To address such problems, the Army has expanded treatment and mental heath assessments as well as prevention efforts. It is hiring hundreds of additional mental health workers and stepping up immediate care in combat zones. Soldiers are now screened twice for psychological problems — once upon returning home and again three to six months later.

The Army is also planning to test a program within the next two months that aims to overcome the shortage of mental health providers near Army posts, as well as stigma issues, by making it mandatory for all returning soldiers to undergo an online interview with a mental health worker via Web cameras, Chiarelli said.

In an effort to prevent the mental strains, the Army is conducting resilience training known as "Battlemind" throughout its ranks and during different phases of deployment. "Battlemind" is an unprecedented effort to toughen soldiers psychologically for war, said Richard Keller, who leads the program at the Walter Reed Army Institute of Research in Silver Spring.

"We show them what the deployment experience can be like, what things you might see, smell, think, feel, hear — all the sensory inputs . . . so they are not taken by surprise," Keller said.

"Some people have a tendency when an event takes place to catastrophize it, and make it appear more intense or difficult than it actually is," he said, so the training seeks to reinforce constructive reactions to combat and life-threatening situations.
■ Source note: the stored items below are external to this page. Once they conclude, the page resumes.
lemma conj_sandwich_assoc:
  assumes "V \<in> carrier_mat d d" "Z \<in> carrier_mat d d" "\<rho> \<in> carrier_mat d d"
  shows "(V * Z * adj V) * \<rho> * (V * Z * adj V) = V * (Z * (adj V * \<rho> * V) * Z) * adj V"
  using assms by (simp add: assoc_mult_mat[of _ d d _ d _ d] mult_carrier_mat[of _ d d _ d])

section \<open>Pauli and Z twirls\<close>

lemma pauli_mat_carrier [simp]: "pauli_mat n p \<in> carrier_mat (2 ^ n) (2 ^ n)"
  by (simp add: pauli_mat_def)

lemma pauli_mat_index:
  "r < 2 ^ n \<Longrightarrow> c < 2 ^ n \<Longrightarrow> pauli_mat n p $$ (r, c) = (\<Prod>i<n. pauli1 (p i) $$ (qbit i r, qbit i c))"
  by (simp add: pauli_mat_def)

lemma Z_op_carrier [simp]: "Z_op n a \<in> carrier_mat (2 ^ n) (2 ^ n)"
  by (simp add: Z_op_def)

lemma Z_op_index:
  "r < 2 ^ n \<Longrightarrow> c < 2 ^ n \<Longrightarrow>
    Z_op n a $$ (r, c) = (\<Prod>i<n. pauli1 (if qbit i a = 1 then 3 else 0) $$ (qbit i r, qbit i c))"
  by (simp add: Z_op_def pauli_mat_index)

lemma pauli_mat_zero: "pauli_mat n (\<lambda>_. 0) = 1\<^sub>m (2 ^ n)"
proof (rule eq_matI)
  fix r c
  assume "r < dim_row (1\<^sub>m (2 ^ n) :: complex mat)" "c < dim_col (1\<^sub>m (2 ^ n) :: complex mat)"
  then have "r < 2 ^ n" "c < 2 ^ n"
    by simp_all
  then show "pauli_mat n (\<lambda>_. 0) $$ (r, c) = 1\<^sub>m (2 ^ n) $$ (r, c)"
    by (simp add: pauli_mat_index pauli1_0_index prod_lessThan_if_0 qbits_eq_iff)
qed (simp_all add: pauli_mat_def)

lemma Z_op_dim [simp]: "dim_row (Z_op n a) = 2 ^ n" "dim_col (Z_op n a) = 2 ^ n"
  by (simp_all add: Z_op_def pauli_mat_def)

lemma Z_op_zero: "Z_op n 0 = 1\<^sub>m (2 ^ n)"
  by (simp add: Z_op_def pauli_mat_zero)

lemma pauli_mat_completeness:
  assumes "r < 2 ^ n" "c < 2 ^ n" "s < 2 ^ n" "t < 2 ^ n"
  shows "(\<Sum>P\<in>pauli_strings n. pauli_mat n P $$ (r, s) * pauli_mat n P $$ (t, c))
    = (if r = c \<and> s = t then 2 ^ n else 0)"
proof -
  have "(\<Sum>P\<in>pauli_strings n. pauli_mat n P $$ (r, s) * pauli_mat n P $$ (t, c))
     = (\<Sum>P\<in>pauli_strings n. \<Prod>i<n. pauli1 (P i) $$ (qbit i r, qbit i s) * pauli1 (P i) $$ (qbit i t, qbit i c))"
    using assms by (simp add: pauli_mat_index prod.distrib)
  also have "\<dots> = (\<Prod>i<n. \<Sum>k<4. pauli1 k $$ (qbit i r, qbit i s) * pauli1 k $$ (qbit i t, qbit i c))"
    by (rule sum_prod_pauli_strings)
  also have "\<dots> = (\<Prod>i<n. if qbit i r = qbit i c \<and> qbit i s = qbit i t then 2 else 0)"
    by (simp add: pauli1_completeness)
  also have "\<dots> = (if r = c \<and> s = t then 2 ^ n else 0)"
    using assms by (simp add: prod_lessThan_if_0 qbits_eq_iff[symmetric] all_conj_distrib)
  finally show ?thesis .
qed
The 2007 Army mental health survey showed that soldiers who had received the training were less likely to report symptoms of combat stress, and anecdotal evidence also indicates that it is having an impact. Last weekend, for example, Keller said, he was conducting training for an Army Reserve unit in Wisconsin that had recently returned from Iraq. After a session, he said, a soldier told him he had been considering suicide for six months and asked for help.

Army officials note that in Baghdad, Russell, who has been charged with murder, had been forced to seek mental health care. "As horrible as this case is with Sergeant Russell, he was getting help. His chain of command realized he needed help," Chiarelli said.